Upon inspection of Fig. 3, we again see that the performance of the MM algorithm over the EM decreases due to increases in D, G, and N, again with D decreasing this gain more severely than the other two variables. Thus, we recognize that although there is a decrease in computational gains as the tested variables increase, there is a good case for the MM algorithm to be used instead of the EM when D is relatively small.

5.3 Numerical simulation S3

Following the design of S1, we simulated 100 samples from the \(D=2\), \(G=2\), and \(N=15,16,17\) cases. For each sample of each of the three cases, we perform ML estimation using the MM algorithm on all 24 possible permutations of the four variables. The computation time and the log-likelihood value of each permutation is then recorded, and a mean, range and relative range (as a ratio to the absolute value of the mean) is then computed over the 24 permutations, for both the computation time and the log-likelihood value. The average mean values, ranges and relative ranges over the 100 samples for all three scenarios are presented in Table 3.

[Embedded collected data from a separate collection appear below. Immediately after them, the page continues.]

text \<open>Residents' lists are unchanged, and appending residents to a hospital's list can only
turn a resident into an ousted one, never back: a listed resident keeps the same predecessors,
while a resident that was unlisted in \<open>I\<close> now sits behind the whole old list. Hence every
\<open>I\<close>-feasible sequence is \<open>J\<close>-feasible. Since every feasible sequence is contained in every
maximal one, \<open>J\<close> proposes all acceptable pairs, as \<open>I\<close> does. With the proposals fixed, the
rejections of a maximal sequence are exactly the ousted matches, so \<open>tent(J) \<subseteq> tent(I)\<close>;
and for a resident on the \<open>I\<close>-list of \<open>h\<close> the ousting condition is the same in \<open>I\<close> and \<open>J\<close>,
which gives \<open>tent(I) - pend(I) \<subseteq> tent(J)\<close>.\<close>

lemma valid_instance_acceptable:
  assumes "valid_instance R H K" "h \<in> set (rpref K r)"
  shows "r \<in> R \<and> h \<in> H"
  using assms by (cases "r \<in> R") (auto simp: valid_instance_def)

lemma ousted_mono:
  assumes "ousted K M r h" "M \<subseteq> M'"
  shows "ousted K M' r h"
proof -
  have "res_h M h \<subseteq> res_h M' h" using assms(2) by (auto simp: res_h_def)
  then have grow: "card (set xs \<inter> res_h M h) \<le> card (set xs \<inter> res_h M' h)" for xs
    by (intro card_mono) auto
  have "(r,h) \<in> M'" using assms unfolding ousted_def by blast
  then show ?thesis
    using assms(1) grow[of "hpref K h"] grow[of "takeWhile (\<lambda>x. x \<noteq> r) (hpref K h)"]
    unfolding ousted_def by (meson order_trans)
qed

lemma ousted_append_hpref:
  assumes "hpref J h = hpref I h @ zs" "quota J h = quota I h" "r \<in> set (hpref J h)"
    and "ousted I M r h"
  shows "ousted J M r h"
proof -
  have listed: "card (set (hpref I h) \<inter> res_h M h) \<le> card (set (hpref J h) \<inter> res_h M h)"
    by (rule card_mono) (auto simp: assms(1))
  show ?thesis
  proof (cases "r \<in> set (hpref I h)")
    case True
    then have "takeWhile (\<lambda>x. x \<noteq> r) (hpref J h) = takeWhile (\<lambda>x. x \<noteq> r) (hpref I h)"
      by (simp add: assms(1))
    then show ?thesis using assms(2-4) listed True unfolding ousted_def by auto
  next
    case False
    then have "takeWhile (\<lambda>x. x \<noteq> r) (hpref J h) = hpref I h @ takeWhile (\<lambda>x. x \<noteq> r) zs"
      by (auto simp: assms(1) intro!: takeWhile_append2)
    then have "card (set (hpref I h) \<inter> res_h M h)
        \<le> card (set (takeWhile (\<lambda>x. x \<noteq> r) (hpref J h)) \<inter> res_h M h)"
      by (intro card_mono) auto
    then show ?thesis using assms(2-4) listed False unfolding ousted_def by auto
  qed
qed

Table 3 Results of numerical simulation S3 for assessing the effects of variable ordering

Upon inspection of Table 3, we notice that the range of computation times across the three scenarios can be 40 to 50 % of the average computational times. Thus, selecting an advantageous permutation of the variables can lead to significant improvements in algorithm performance. Unfortunately, the most advantageous permutation was not predictable in our simulations, and even in the \(D=2\) case with four variables, the number of permutations can be very large. Fortunately, the range of log-likelihood values is only two to three percent of that of the mean log-likelihood values in each scenario. As such, there appears to be little variation of the optimal outcome, once the algorithm has converged. This implies that regardless of performance, the algorithm is converging as expected according to Theorem 3.

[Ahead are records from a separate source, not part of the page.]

definition dist_rat_wrt :: "'c set \<Rightarrow> ('c election \<Rightarrow> 'c rel set) \<Rightarrow>
     ('c election \<Rightarrow> 'c rel option) \<Rightarrow> ('c election \<Rightarrow> 'c election \<Rightarrow> ennreal) \<Rightarrow> bool" where
  "dist_rat_wrt C R K d \<longleftrightarrow> consensus C K \<and> is_distance C d \<and>
     (\<forall>r r' x y. x \<in> cons_class K r \<longrightarrow> y \<in> cons_class K r' \<longrightarrow> r \<noteq> r' \<longrightarrow> d x y > 0) \<and>
     (\<forall>E\<in>elections C. R E = rat_rule C K d E)"

definition dist_rat :: "'c set \<Rightarrow> ('c election \<Rightarrow> 'c rel set) \<Rightarrow> bool" where
  "dist_rat C R \<longleftrightarrow> (\<exists>K d. dist_rat_wrt C R K d)"

end

theory Submission
  imports Defs "HOL-Library.Countable_Set"
begin

text \<open>Part (a): reversal maps the consensus class of r onto that of rev r and preserves d,
  so it carries the distances from E to the classes onto those from rev E.

  Part (b): being distance rationalizable w.r.t. K is captured by a combinatorial condition
  on K: consensus rankings win; every other winner t at a coloured election c is the
  consensus of infinitely many elections whose winners lie in R c; and every winner at an
  uncoloured election without a full tie is the consensus of some election with fewer
  winners. Conversely such a K rationalizes R through an explicit distance built from weights
  that tend to 0 along infinite sets of elections, and this distance is reversal symmetric
  whenever K and R are. It remains to make K reversal symmetric: of each pair E, rev E whose
  colours disagree keep one and give the other the reversed colour. As there are only
  countably many elections, a diagonal choice keeps infinitely many members of each of the
  countably many infinite families the condition requires.\<close>

lemma rev_order_rev_order [simp]: "rev_order (rev_order r) = r"
  by (simp add: rev_order_def)
lemma unitary_conj_first_col_eigen:
  assumes A: "A \<in> carrier_mat (Suc n) (Suc n)"
  obtains W e where "unitary_mat (Suc n) W"
    and "\<And>i. i < Suc n \<Longrightarrow> (adj W * A * W) $$ (i,0) = (if i = 0 then e else 0)"
proof -
  from spectrum_non_empty[OF A] obtain e where "eigenvalue A e" unfolding spectrum_def by auto
  from find_eigenvector[OF A this] have "eigenvector A (find_eigenvector A e) e" .
  then obtain v where v: "v \<in> carrier_vec (Suc n)" "v \<noteq> 0\<^sub>v (Suc n)" and Av: "A *\<^sub>v v = e \<cdot>\<^sub>v v"
    unfolding eigenvector_def using A by auto
  from unitary_mat_first_col[OF v] obtain W c where
    W: "unitary_mat (Suc n) W" and W0: "\<forall>k<Suc n. W $$ (k,0) = complex_of_real c * v $ k" by blast
  have Wc: "W \<in> carrier_mat (Suc n) (Suc n)" using W by (rule unitary_mat_carrier)
  have AW0: "(A * W) $$ (k,0) = e * W $$ (k,0)" if k: "k < Suc n" for k
  proof -
    have "(A * W) $$ (k,0) = (\<Sum>l<Suc n. A $$ (k,l) * W $$ (l,0))"
      by (rule index_mult_mat_sum[OF A Wc k]) simp
    also have "\<dots> = of_real c * (\<Sum>l<Suc n. A $$ (k,l) * v $ l)"
      using W0 by (simp add: sum_distrib_left algebra_simps)
    also have "(\<Sum>l<Suc n. A $$ (k,l) * v $ l) = (A *\<^sub>v v) $ k"
      using A v k by (simp add: scalar_prod_def atLeast0LessThan)
    also have "\<dots> = e * v $ k" using Av k v by simp
    finally show ?thesis using W0 k by simp
  qed
  have "(adj W * A * W) $$ (i,0) = (if i = 0 then e else 0)" if i: "i < Suc n" for i
  proof -
    have "(adj W * A * W) $$ (i,0) = (adj W * (A * W)) $$ (i,0)"
      using Wc A by (simp add: assoc_mult_mat[of _ "Suc n" "Suc n" _ "Suc n" _ "Suc n"])
    also have "\<dots> = (\<Sum>l<Suc n. adj W $$ (i,l) * (A * W) $$ (l,0))"
      using Wc A i by (subst index_mult_mat_sum[of _ "Suc n" "Suc n" _ "Suc n"]) auto
    also have "\<dots> = e * (\<Sum>l<Suc n. adj W $$ (i,l) * W $$ (l,0))"
      using AW0 by (simp add: sum_distrib_left algebra_simps)
    also have "(\<Sum>l<Suc n. adj W $$ (i,l) * W $$ (l,0)) = (adj W * W) $$ (i,0)"
      using Wc i by (subst index_mult_mat_sum[of _ "Suc n" "Suc n" _ "Suc n"]) auto
    also have "\<dots> = (if i = 0 then 1 else 0)" using W i by (simp add: unitary_mat_def)
    finally show ?thesis by simp
  qed
  with W show thesis by (rule that)
qed

lemma hermitian_mat_unitary_conj:
  assumes "hermitian_mat n A" "W \<in> carrier_mat n n"
  shows "hermitian_mat n (adj W * A * W)"
  using assms unfolding hermitian_mat_def
  by (simp add: adj_mult[of _ n n _ n] assoc_mult_mat[of _ n n _ n _ n])

theorem hermitian_mat_spectral_decomp:
  "hermitian_mat n A \<Longrightarrow> \<exists>U lam. spectral_decomp n A U lam"
proof (induction n arbitrary: A)
  case 0
  then have A: "A \<in> carrier_mat 0 0" unfolding hermitian_mat_def by auto
  show ?case unfolding spectral_decomp_def unitary_mat_def
    by (rule exI[of _ "1\<^sub>m 0"], rule exI[of _ "\<lambda>_. 0"]) (use A in \<open>auto intro!: eq_matI\<close>)
next
  case (Suc n A)
  have A: "A \<in> carrier_mat (Suc n) (Suc n)" using Suc.prems unfolding hermitian_mat_def by auto
  obtain W e where W: "unitary_mat (Suc n) W"
    and col: "\<And>i. i < Suc n \<Longrightarrow> (adj W * A * W) $$ (i,0) = (if i = 0 then e else 0)"
    by (rule unitary_conj_first_col_eigen[OF A]) auto
  define A' where "A' = adj W * A * W"
  have herm: "hermitian_mat (Suc n) A'"
    unfolding A'_def using Suc.prems unitary_mat_carrier[OF W] by (rule hermitian_mat_unitary_conj)
  have "A' $$ (i,0) = (if i = 0 then e else 0)" if "i < Suc n" for i
    using col[OF that] by (simp add: A'_def)
  then have block: "A' = block_diag1 (of_real (Re e)) (lower_block A')" "hermitian_mat n (lower_block A')"
    using hermitian_mat_first_col[OF herm] by blast+
  obtain U lam where "spectral_decomp n (lower_block A') U lam"
    using Suc.IH[OF block(2)] by blast
  then have "spectral_decomp (Suc n) A' (block_diag1 1 U) (\<lambda>i. if i = 0 then Re e else lam (i - 1))"
    by (subst block(1)) (rule spectral_decomp_block_diag1)
  then show ?case unfolding A'_def using spectral_decomp_unitary_conj[OF W A] by blast
qed

lemma eig_decomp_spectral_decomp:
  assumes "hermitian_mat n \<rho>"
  shows "spectral_decomp n \<rho> (fst (eig_decomp n \<rho>)) (snd (eig_decomp n \<rho>))"
proof -
  obtain U lam where "spectral_decomp n \<rho> U lam"
    using hermitian_mat_spectral_decomp[OF assms] by blast
  then have "\<exists>p. spectral_decomp n \<rho> (fst p) (snd p)" by (intro exI[of _ "(U, lam)"]) simp
  then show ?thesis unfolding eig_decomp_def by (rule someI_ex)
qed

We finally note that the results from all three numerical simulation studies are dependent on the specific performances of the subroutines, algorithms, and hardware. Thus, the results may vary when conducting performance tests under different settings. As such, we believe that this simulation study serves to demonstrate the potential computational performance in R, rather than the performance in all settings.

6 Conclusions

In this article, we introduced the LRC of the GMM, and show that there is a mapping between the LRC parameters and the natural parameters of a GMM. Using the LRC, we devised an MM algorithm for ML estimation, which does not depend on matrix operations. We then proved that the MM algorithm monotonically increases the log-likelihood in ML estimation, and that the sequence of estimators obtained from the algorithm is convergent to a stationary point of the log-likelihood function, under regularity conditions. Through simulations, we were able to demonstrate that the computational speed of the MM algorithm for the LRC parameter estimates was faster than the traditional EM algorithm for estimating GMMs in some large data situations, when both algorithms are implemented in the R programming environment. We also show that although the ordering of the variables may have a significant effect on the computational times of the MM algorithm, there appears to be little effect on the ability of the algorithm to converge to an appropriate limit point.

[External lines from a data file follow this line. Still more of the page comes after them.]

(* Let $n\ge1$ and let $A:\mathbb{Z}^n\to\mathbb{C}$ be a function with $T'_{l_i,l_{i+1}}A(l_1,\ldots,l_n)=0$ for all $i$ with $1\le i<n$. Then $$T'_{k_i,k_{i+1}}\left(\sum_{(l_1,\ldots,l_n)}^{(k_1,\ldots,k_{n+1})}A(l_1,\ldots,l_n)\right)(k_1,\ldots,k_{n+1})=0$$ for all $i$ with $1\le i\le n$.
   Context: Extended interval sums: $\sum_{i=a}^b F(i)=F(a)+\cdots+F(b)$ if $a\le b$, $=0$ if $b=a-1$, and $=-F(b+1)-\cdots-F(a-1)$ if $b+1\le a-1$. For functions $A$ on $\mathbb{Z}^{m-1}$ and $(k_1,\ldots,k_m)\in\mathbb{Z}^m$ define recursively $\sum_{(l_1)}^{(k_1,k_2)}A(l_1)=\sum_{l_1=k_1}^{k_2}A(l_1)$ and, for $m>2$, $$\sum_{(l_1,\ldots,l_{m-1})}^{(k_1,\ldots,k_m)}A=\sum_{(l_1,\ldots,l_{m-2})}^{(k_1,\ldots,k_{m-1})}\sum_{l_{m-1}=k_{m-1}+1}^{k_m}A(l_1,\ldots,l_{m-1})+\sum_{(l_1,\ldots,l_{m-2})}^{(k_1,\ldots,k_{m-1}-1)}A(l_1,\ldots,l_{m-2},k_{m-1}).$$ For variables $x,y$: $E_x$ is the shift $E_xF(x)=F(x+1)$ (other variables fixed), $\Delta_x=E_x-\operatorname{id}$, $S_{x,y}$ swaps $x$ and $y$, and $T'_{x,y}=(\operatorname{id}+S_{x,y})(\operatorname{id}+E_y\Delta_x)$; products of operators are compositions. *)

theory Defs
  imports Complex_Main
begin

text \<open>Points of Z^n are int lists of length n; position i (0-based) is variable number i+1.\<close>

definition esum :: "(int \<Rightarrow> complex) \<Rightarrow> int \<Rightarrow> int \<Rightarrow> complex" where
  "esum F a b = (if a \<le> b then (\<Sum>i=a..b. F i)
                 else if b = a - 1 then 0
                 else - (\<Sum>i=b+1..a-1. F i))"

text \<open>msum n A k: the extended multiple sum with n summation variables (l_1..l_n)
  and bounds k = (k_1..k_{n+1}); only meaningful for n >= 1 and length k = n+1.\<close>
fun msum :: "nat \<Rightarrow> (int list \<Rightarrow> complex) \<Rightarrow> int list \<Rightarrow> complex" where
  "msum 0 A k = A []"
| "msum (Suc 0) A k = esum (\<lambda>l. A [l]) (k ! 0) (k ! 1)"
| "msum (Suc (Suc n)) A k =
     msum (Suc n) (\<lambda>ls. esum (\<lambda>l. A (ls @ [l])) (k ! (n+1) + 1) (k ! (n+2))) (take (n+2) k)
   + msum (Suc n) (\<lambda>ls. A (ls @ [k ! (n+1)])) (take (n+1) k @ [k ! (n+1) - 1])"

definition shiftE :: "nat \<Rightarrow> (int list \<Rightarrow> complex) \<Rightarrow> int list \<Rightarrow> complex" where
  "shiftE i F x = F (x[i := x ! i + 1])"

definition diffD :: "nat \<Rightarrow> (int list \<Rightarrow> complex) \<Rightarrow> int list \<Rightarrow> complex" where
  "diffD i F x = shiftE i F x - F x"

definition swapS :: "nat \<Rightarrow> nat \<Rightarrow> (int list \<Rightarrow> complex) \<Rightarrow> int list \<Rightarrow> complex" where
  "swapS i j F x = F (x[i := x ! j, j := x ! i])"

text \<open>T'_{x,y} = (id + S_{x,y}) (id + E_y Delta_x), x = position i, y = position j.\<close>
definition Tprime :: "nat \<Rightarrow> nat \<Rightarrow> (int list \<Rightarrow> complex) \<Rightarrow> int list \<Rightarrow> complex" where
  "Tprime i j F = (let G = (\<lambda>x. F x + shiftE j (diffD i F) x) in (\<lambda>x. G x + swapS i j G x))"

end

theory Submission
  imports Defs
begin

text \<open>
  The operator T'_{x,y} only involves the two variables x, y, so it suffices to study its
  two-variable version. The basic fact is that a sum of (id + E_y Delta_x) g over a square
  [r, s]^2 vanishes whenever T'_{x,y} g = 0.

  The proof is by induction on n, unfolding the recursion in the last summation variable.
  Pairs of bounds other than the last two are not touched by this recursion and follow by
  linearity. For the pairs (k_{n-1}, k_n) and (k_n, k_{n+1}) the inner sum depends on a bound
  of the pair itself. Writing the inner sum as its value at bound 0 plus a telescoping sum of
  its differences in that bound, and noting that such a difference is again a multiple sum
  satisfying the hypotheses, reduces these pairs to explicit double and triple sums. For those,
  T' is a signed combination of square sums as above.
\<close>

section \<open>Extended interval sums\<close>

lemma int_shift_invariant_eq:
  fixes f :: "int \<Rightarrow> 'a"
  assumes "\<And>y. f (y + 1) = f y"
  shows "f y = f x"
proof (induction y rule: int_induct[where k = x])
  case (step2 i)
  then show ?case using assms[of "i - 1"] by simp
qed (use assms in simp_all)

We also proved that the ML estimators of the LRC parameters, like those of the natural parameters, are also consistent and asymptotically normal. This allows for asymptotically valid statistical inference, such as using the LRC of the GMM for clustering data. Furthermore, we showed that the LRC allows for a simple method for handling singularities in the ML estimation of GMM parameters.

To the best of our knowledge, we are the first to apply the LRC for constructing a matrix operation-free algorithm for estimating GMMs. In the future, we hope to extend our matrix operation-free approach to the ML estimation of mixtures of \(t\hbox {-distributions}\), as well as skew variants of the GMM.